## What to work on
Scan the entries that follow and copy out every line containing "metis".

(Stored data entries)
(* Let $A$ be an integral domain such that $\operatorname{Sper}A=\emptyset$ (equivalently, there is no ring homomorphism from $A$ to a real closed field; equivalently, $-1$ is a sum of squares in $A$). Let $K$ be the fraction field of $A$, $\bar K$ an algebraic closure and $\bar A$ the integral closure of $A$ in $\bar K$. Then every $\theta\in\bar A$ is an eigenvalue of some symmetric matrix $M\in\operatorname{Sym}_r(A)$ for a suitable $r$.
   Context: $\operatorname{Sper}A$ is the real spectrum of $A$: the set of pairs $(\mathfrak p,P)$ with $\mathfrak p$ a prime ideal of $A$ and $P$ an ordering of the residue field $\kappa(\mathfrak p)$. $\operatorname{Sym}_r(A)$ is the set of symmetric $r\times r$ matrices over $A$; an eigenvalue of $M$ is a root of $\det(X\cdot \mathrm{I}_r-M)$ in $\bar K$. *)

theory Defs
  imports "HOL-Computational_Algebra.Polynomial" "Jordan_Normal_Form.Char_Poly"
begin

definition is_prime_ideal :: "'a::comm_ring_1 set \<Rightarrow> bool" where
  "is_prime_ideal p \<longleftrightarrow>
     0 \<in> p \<and> (\<forall>a\<in>p. \<forall>b\<in>p. a + b \<in> p) \<and> (\<forall>a\<in>p. \<forall>x. x * a \<in> p) \<and>
     1 \<notin> p \<and> (\<forall>a b. a * b \<in> p \<longrightarrow> a \<in> p \<or> b \<in> p)"

text \<open>A point (p, P) of Sper A, i.e. a prime ideal p together with an
  ordering of the residue field kappa(p) = Frac(A/p), is encoded (as usual, cf.
  Bochnak-Coste-Roy 7.1) by the set P of elements of A whose image in kappa(p) is
  nonnegative for that ordering: P is a prime cone of A with support p.\<close>
definition Sper :: "('a::comm_ring_1 set \<times> 'a set) set" where
  "Sper = {(p, P). is_prime_ideal p \<and>
     (\<forall>a\<in>P. \<forall>b\<in>P. a + b \<in> P) \<and> (\<forall>a\<in>P. \<forall>b\<in>P. a * b \<in> P) \<and>
     (\<forall>x. x * x \<in> P) \<and>
     (\<forall>a. a \<in> P \<or> - a \<in> P) \<and> {a. a \<in> P \<and> - a \<in> P} = p}"

definition Sym :: "nat \<Rightarrow> 'a mat set" where
  "Sym r = {M. M \<in> carrier_mat r r \<and> transpose_mat M = M}"

end

theory Submission
  imports Defs
begin

text \<open>If \<open>Sper A = {}\<close> then \<open>-1\<close> is a sum of squares in \<open>A\<close>: otherwise a maximal proper
  preordering of \<open>A\<close> (Zorn) is a prime cone, i.e. a point of \<open>Sper A\<close>. Hence there is
  \<open>u = (1, x\<^sub>1, \<dots>, x\<^sub>m)\<close> over \<open>A\<close> with \<open>u \<bullet> u = 0\<close>.
  Let \<open>C\<close> be a companion matrix of a monic \<open>f\<close> over \<open>A\<close> with \<open>f(\<theta>) = 0\<close>, so that
  \<open>C v = \<theta> v\<close> for \<open>v = (1, \<theta>, \<dots>, \<theta>\<^sup>n\<^sup>-\<^sup>1)\<close>. The symmetric matrix
  \<open>M = C \<otimes> u e\<^sub>0\<^sup>T + C\<^sup>T \<otimes> e\<^sub>0 u\<^sup>T\<close> over \<open>A\<close> satisfies
  \<open>M (v \<otimes> u) = C v \<otimes> u + C\<^sup>T v \<otimes> (u \<bullet> u) e\<^sub>0 = \<theta> (v \<otimes> u)\<close>,
  so \<open>\<theta>\<close> is a root of the characteristic polynomial of \<open>M\<close>.\<close>

section \<open>Preorderings and the real spectrum\<close>

definition proper_preordering :: "'a::comm_ring_1 set \<Rightarrow> bool" where
  "proper_preordering T \<longleftrightarrow> (\<forall>a\<in>T. \<forall>b\<in>T. a + b \<in> T) \<and> (\<forall>a\<in>T. \<forall>b\<in>T. a * b \<in> T)
     \<and> (\<forall>x. x * x \<in> T) \<and> -1 \<notin> T"

definition maximal_proper_preordering :: "'a::comm_ring_1 set \<Rightarrow> bool" where
  "maximal_proper_preordering T \<longleftrightarrow>
     proper_preordering T \<and> (\<forall>T'. proper_preordering T' \<longrightarrow> T \<subseteq> T' \<longrightarrow> T' = T)"

definition sums_of_squares :: "'a::comm_ring_1 set" where
  "sums_of_squares = range (\<lambda>xs. sum_list (map (\<lambda>x. x * x) xs))"
lemma scalar_ncg_smult_one:
  assumes "B \<in> scalar_ncg d"
  shows "\<exists>c. B = c \<cdot>\<^sub>m 1\<^sub>m d"
  using assms unfolding scalar_ncg_def
proof (induction rule: mspan_induct)
  case zero
  have "0\<^sub>m d d = (0 :: complex) \<cdot>\<^sub>m 1\<^sub>m d" by (rule eq_matI) auto
  then show ?case ..
next
  case (add c A acc)
  then obtain b where "acc = b \<cdot>\<^sub>m 1\<^sub>m d" by blast
  with add.hyps have "c \<cdot>\<^sub>m A + acc = (c + b) \<cdot>\<^sub>m 1\<^sub>m d"
    by (simp add: add_smult_distrib_right_mat[of _ d d])
  then show ?case ..
qed

lemma ncg_tensor_scalar_ncg_kron_one:
  assumes "K \<in> ncg_tensor n d (graph_ncg n E) (scalar_ncg d)"
  shows "\<exists>A\<in>graph_supported n E. K = kron A (1\<^sub>m d)"
  using assms unfolding ncg_tensor_def
proof (induction rule: mspan_induct)
  case zero
  have "0\<^sub>m (n * d) (n * d) = kron (0\<^sub>m n n) (1\<^sub>m d)"
    by (rule eq_matI) (auto simp: kron_def less_mult_imp_div_less)
  moreover have "0\<^sub>m n n \<in> graph_supported n E" by (simp add: graph_supported_def)
  ultimately show ?case ..
next
  case (add c K0 acc)
  then obtain A0 B A where A0: "A0 \<in> graph_supported n E" and B: "B \<in> scalar_ncg d"
    and K0: "K0 = kron A0 B" and A: "A \<in> graph_supported n E" and acc: "acc = kron A (1\<^sub>m d)"
    using graph_ncg_subset_supported by blast
  obtain b where b: "B = b \<cdot>\<^sub>m 1\<^sub>m d" using scalar_ncg_smult_one[OF B] by blast
  have "i mod d < d" if "i < n * d" for i
    using that by (cases "d = 0") auto
  then have "c \<cdot>\<^sub>m K0 + acc = kron ((c * b) \<cdot>\<^sub>m A0 + A) (1\<^sub>m d)"
    using A0 A unfolding K0 acc b
    by (intro eq_matI) (auto simp: kron_def graph_supported_def less_mult_imp_div_less)
  moreover have "(c * b) \<cdot>\<^sub>m A0 + A \<in> graph_supported n E"
    using A0 A by (auto simp: graph_supported_def)
  ultimately show ?case ..
qed

definition vertex_embedding :: "nat \<Rightarrow> nat \<Rightarrow> nat \<Rightarrow> (nat \<Rightarrow> complex vec) \<Rightarrow> complex mat" where
  "vertex_embedding n d m u = mat (n * d) m (\<lambda>(r, a). if r div d = a then u a $ (r mod d) else 0)"

lemma vertex_embedding_carrier: "vertex_embedding n d m u \<in> carrier_mat (n * d) m"
  unfolding vertex_embedding_def by simp

lemma block_index_less: "(a :: nat) < n \<Longrightarrow> p < d \<Longrightarrow> a * d + p < n * d"
  by (metis add.commute add_less_cancel_left less_le_trans mult_Suc Suc_leI mult_le_mono1)

lemma vertex_embedding_index:
  assumes "a < n" "b < m" "p < d"
  shows "vertex_embedding n d m u $$ (a * d + p, b) = (if a = b then u b $ p else 0)"
  using assms block_index_less[OF assms(1,3)] unfolding vertex_embedding_def by auto

lemma adjoint_vertex_embedding_mult_index:
  assumes "X \<in> carrier_mat (n * d) k" "a < m" "m \<le> n" "j < k"
  shows "(mat_adjoint (vertex_embedding n d m u) * X) $$ (a, j)
    = (\<Sum>p<d. cnj (u a $ p) * X $$ (a * d + p, j))"
proof -
  let ?F = "vertex_embedding n d m u"
  have "(mat_adjoint ?F * X) $$ (a, j) = (\<Sum>r<n * d. cnj (?F $$ (r, a)) * X $$ (r, j))"
    using assms vertex_embedding_carrier[of n d m u]
    by (simp add: index_mult_mat_sum[OF mat_adjoint_carrier] mat_adjoint_index)
  also have "\<dots> = (\<Sum>p<d. cnj (?F $$ (a * d + p, a)) * X $$ (a * d + p, j))"
    using assms by (intro sum_single_block) (auto simp: vertex_embedding_def)
  also have "\<dots> = (\<Sum>p<d. cnj (u a $ p) * X $$ (a * d + p, j))"
    using assms by (simp add: vertex_embedding_index)
  finally show ?thesis .
qed

lemma kron_one_mult_vertex_embedding_index:
  assumes "A \<in> carrier_mat n n" "m \<le> n" "r < n * d" "b < m"
  shows "(kron A (1\<^sub>m d) * vertex_embedding n d m u) $$ (r, b) = A $$ (r div d, b) * u b $ (r mod d)"
proof -
  let ?F = "vertex_embedding n d m u"
  have K: "kron A (1\<^sub>m d) \<in> carrier_mat (n * d) (n * d)"
    using assms(1) by (simp add: kron_def)
  have "(kron A (1\<^sub>m d) * ?F) $$ (r, b) = (\<Sum>s<n * d. kron A (1\<^sub>m d) $$ (r, s) * ?F $$ (s, b))"
    by (rule index_mult_mat_sum[OF K vertex_embedding_carrier assms(3,4)])
  also have "\<dots> = (\<Sum>q<d. kron A (1\<^sub>m d) $$ (r, b * d + q) * ?F $$ (b * d + q, b))"
    using assms by (intro sum_single_block) (auto simp: vertex_embedding_def)
  also have "\<dots> = (\<Sum>q<d. if q = r mod d then A $$ (r div d, b) * u b $ q else 0)"
    using assms block_index_less[of b n] by (intro sum.cong) (auto simp: kron_def vertex_embedding_index)
  also have "\<dots> = A $$ (r div d, b) * u b $ (r mod d)"
    using assms(3) by (cases "d = 0") auto
  finally show ?thesis .
qed

lemma compress_kron_one_index:
  assumes "A \<in> carrier_mat n n" "m \<le> n" "a < m" "b < m" "u a \<in> carrier_vec d"
  shows "(mat_adjoint (vertex_embedding n d m u) * kron A (1\<^sub>m d) * vertex_embedding n d m u) $$ (a, b)
    = A $$ (a, b) * cinner (u a) (u b)"
proof -
  let ?F = "vertex_embedding n d m u"
  have K: "kron A (1\<^sub>m d) \<in> carrier_mat (n * d) (n * d)"
    using assms(1) by (simp add: kron_def)
  have "(mat_adjoint ?F * kron A (1\<^sub>m d) * ?F) $$ (a, b) = (mat_adjoint ?F * (kron A (1\<^sub>m d) * ?F)) $$ (a, b)"
    by (rule arg_cong[where f = "\<lambda>X. X $$ (a, b)"],
        rule assoc_mult_mat[OF mat_adjoint_carrier[OF vertex_embedding_carrier] K vertex_embedding_carrier])
  also have "\<dots> = (\<Sum>p<d. cnj (u a $ p) * (A $$ (a, b) * u b $ p))"
    using assms block_index_less[of a n]
    by (simp add: adjoint_vertex_embedding_mult_index[OF mult_carrier_mat[OF K vertex_embedding_carrier]]
        kron_one_mult_vertex_embedding_index)
  also have "\<dots> = A $$ (a, b) * cinner (u a) (u b)"
    using assms(5) by (simp add: cinner_def sum_distrib_left mult_ac)
  finally show ?thesis .
qed

lemma kron_one_mat: "kron (1\<^sub>m n) (1\<^sub>m d) = 1\<^sub>m (n * d)"
proof (rule eq_matI)
  fix i j assume "i < dim_row (1\<^sub>m (n * d))" "j < dim_col (1\<^sub>m (n * d))"
  then have "i div d < n" "j div d < n" "0 < d"
    by (auto simp: less_mult_imp_div_less intro: gr0I)
  moreover have "(i div d = j div d \<and> i mod d = j mod d) \<longleftrightarrow> i = j"
    by (metis div_mult_mod_eq)
  ultimately show "kron (1\<^sub>m n) (1\<^sub>m d) $$ (i, j) = 1\<^sub>m (n * d) $$ (i, j)"
    using \<open>i < dim_row _\<close> \<open>j < dim_col _\<close> by (auto simp: kron_def)
qed (auto simp: kron_def)

lemma vertex_embedding_isometry:
  assumes "orth_rep n E d u" "m \<le> n"
  shows "mat_adjoint (vertex_embedding n d m u) * vertex_embedding n d m u = 1\<^sub>m m"
proof (rule eq_matI)
  let ?F = "vertex_embedding n d m u"
  fix a b assume "a < dim_row (1\<^sub>m m)" "b < dim_col (1\<^sub>m m)"
  then have ab: "a < m" "b < m" by auto
  have "mat_adjoint ?F * ?F = mat_adjoint ?F * kron (1\<^sub>m n) (1\<^sub>m d) * ?F"
    by (simp add: kron_one_mat right_mult_one_mat[OF mat_adjoint_carrier[OF vertex_embedding_carrier]])
  also have "\<dots> $$ (a, b) = 1\<^sub>m n $$ (a, b) * cinner (u a) (u b)"
    using assms ab by (intro compress_kron_one_index) (auto simp: orth_rep_def)
  also have "\<dots> = 1\<^sub>m m $$ (a, b)"
    using assms ab by (auto simp: orth_rep_def)
  finally show "(mat_adjoint ?F * ?F) $$ (a, b) = 1\<^sub>m m $$ (a, b)" .
qed (auto simp: mat_adjoint_def mat_of_rows_def vertex_embedding_def)

lemma compress_tensor_scalar_diagonal:
  assumes "orth_rep n E d u" "m \<le> n" "K \<in> ncg_tensor n d (graph_ncg n E) (scalar_ncg d)"
  shows "mat_adjoint (vertex_embedding n d m u) * K * vertex_embedding n d m u \<in> diag_ncg m"
proof -
  let ?F = "vertex_embedding n d m u"
  obtain A where A: "A \<in> graph_supported n E" and K: "K = kron A (1\<^sub>m d)"
    using ncg_tensor_scalar_ncg_kron_one[OF assms(3)] by blast
  have "(mat_adjoint ?F * K * ?F) $$ (a, b) = 0" if "a < m" "b < m" "a \<noteq> b" for a b
  proof -
    have "(mat_adjoint ?F * K * ?F) $$ (a, b) = A $$ (a, b) * cinner (u a) (u b)"
      using assms that A unfolding K
      by (intro compress_kron_one_index) (auto simp: graph_supported_def orth_rep_def)
    also have "\<dots> = 0"
      using assms that A by (cases "E a b") (auto simp: graph_supported_def orth_rep_def)
    finally show ?thesis .
  qed
  moreover have "mat_adjoint ?F * K * ?F \<in> carrier_mat m m"
    using A unfolding K
    by (auto simp: graph_supported_def kron_def mat_adjoint_def mat_of_rows_def vertex_embedding_def)
  ultimately show ?thesis by (simp add: diag_ncg_def)
qed

lemma diag_ncg_le_tensor_scalar_ncg:
  assumes "orth_rep n E d u" "m \<le> n"
  shows "ncg_le m (diag_ncg m) (n * d) (ncg_tensor n d (graph_ncg n E) (scalar_ncg d))"
  unfolding ncg_le_def
  using assms vertex_embedding_carrier vertex_embedding_isometry compress_tensor_scalar_diagonal
  by (intro exI[of _ "[vertex_embedding n d m u]"]) auto

lemma orth_rep_unit_vec:
  assumes "\<forall>x<n. \<not> E x x"
  shows "orth_rep n E n (unit_vec n)"
proof -
  have "cinner (unit_vec n x) (unit_vec n y) = (if x = y then 1 else 0)" if "x < n" "y < n" for x y
  proof -
    have "cinner (unit_vec n x) (unit_vec n y) = (\<Sum>i<n. if i = x then (if x = y then 1 else 0) else 0)"
      unfolding cinner_def by (intro sum.cong) (auto simp: unit_vec_def)
    with that show ?thesis by simp
  qed
  with assms show ?thesis
    by (auto simp: orth_rep_def)
qed

lemma orth_rep_pad:
  assumes "orth_rep n E d0 u" "d0 \<le> d"
  shows "orth_rep n E d (\<lambda>x. vec d (\<lambda>i. if i < d0 then u x $ i else 0))"
proof -
  let ?v = "\<lambda>x. vec d (\<lambda>i. if i < d0 then u x $ i else 0)"
  have "cinner (?v x) (?v y) = cinner (u x) (u y)" if "x < n" for x y
  proof -
    have "cinner (?v x) (?v y) = (\<Sum>i<d. if i < d0 then cnj (u x $ i) * u y $ i else 0)"
      unfolding cinner_def by (intro sum.cong) auto
    also have "\<dots> = (\<Sum>i\<in>{i\<in>{..<d}. i < d0}. cnj (u x $ i) * u y $ i)"
      by (rule sum.inter_filter[symmetric]) simp
    also have "{i\<in>{..<d}. i < d0} = {..<d0}" using assms(2) by auto
    moreover have "dim_vec (u x) = d0"
      using assms(1) that by (simp add: orth_rep_def)
    ultimately show ?thesis
      by (simp add: cinner_def)
  qed
  with assms(1) show ?thesis
    by (simp add: orth_rep_def)
qed

lemma orth_rep_if_orth_rank_le:
  assumes "simple_graph n E" "orth_rank n E \<le> d"
  shows "\<exists>u. orth_rep n E d u"
proof -
  have unit: "orth_rep n E n (unit_vec n)"
    using assms(1) by (intro orth_rep_unit_vec) (simp add: simple_graph_def)
  have "\<exists>u. orth_rep n E (orth_rank n E) u"
    unfolding orth_rank_def by (rule LeastI_ex) (use unit in blast)
  with assms(2) show ?thesis
    using orth_rep_pad by blast
qed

## Result
  by (metis add.commute add_less_cancel_left less_le_trans mult_Suc Suc_leI mult_le_mono1)
    by (metis div_mult_mod_eq)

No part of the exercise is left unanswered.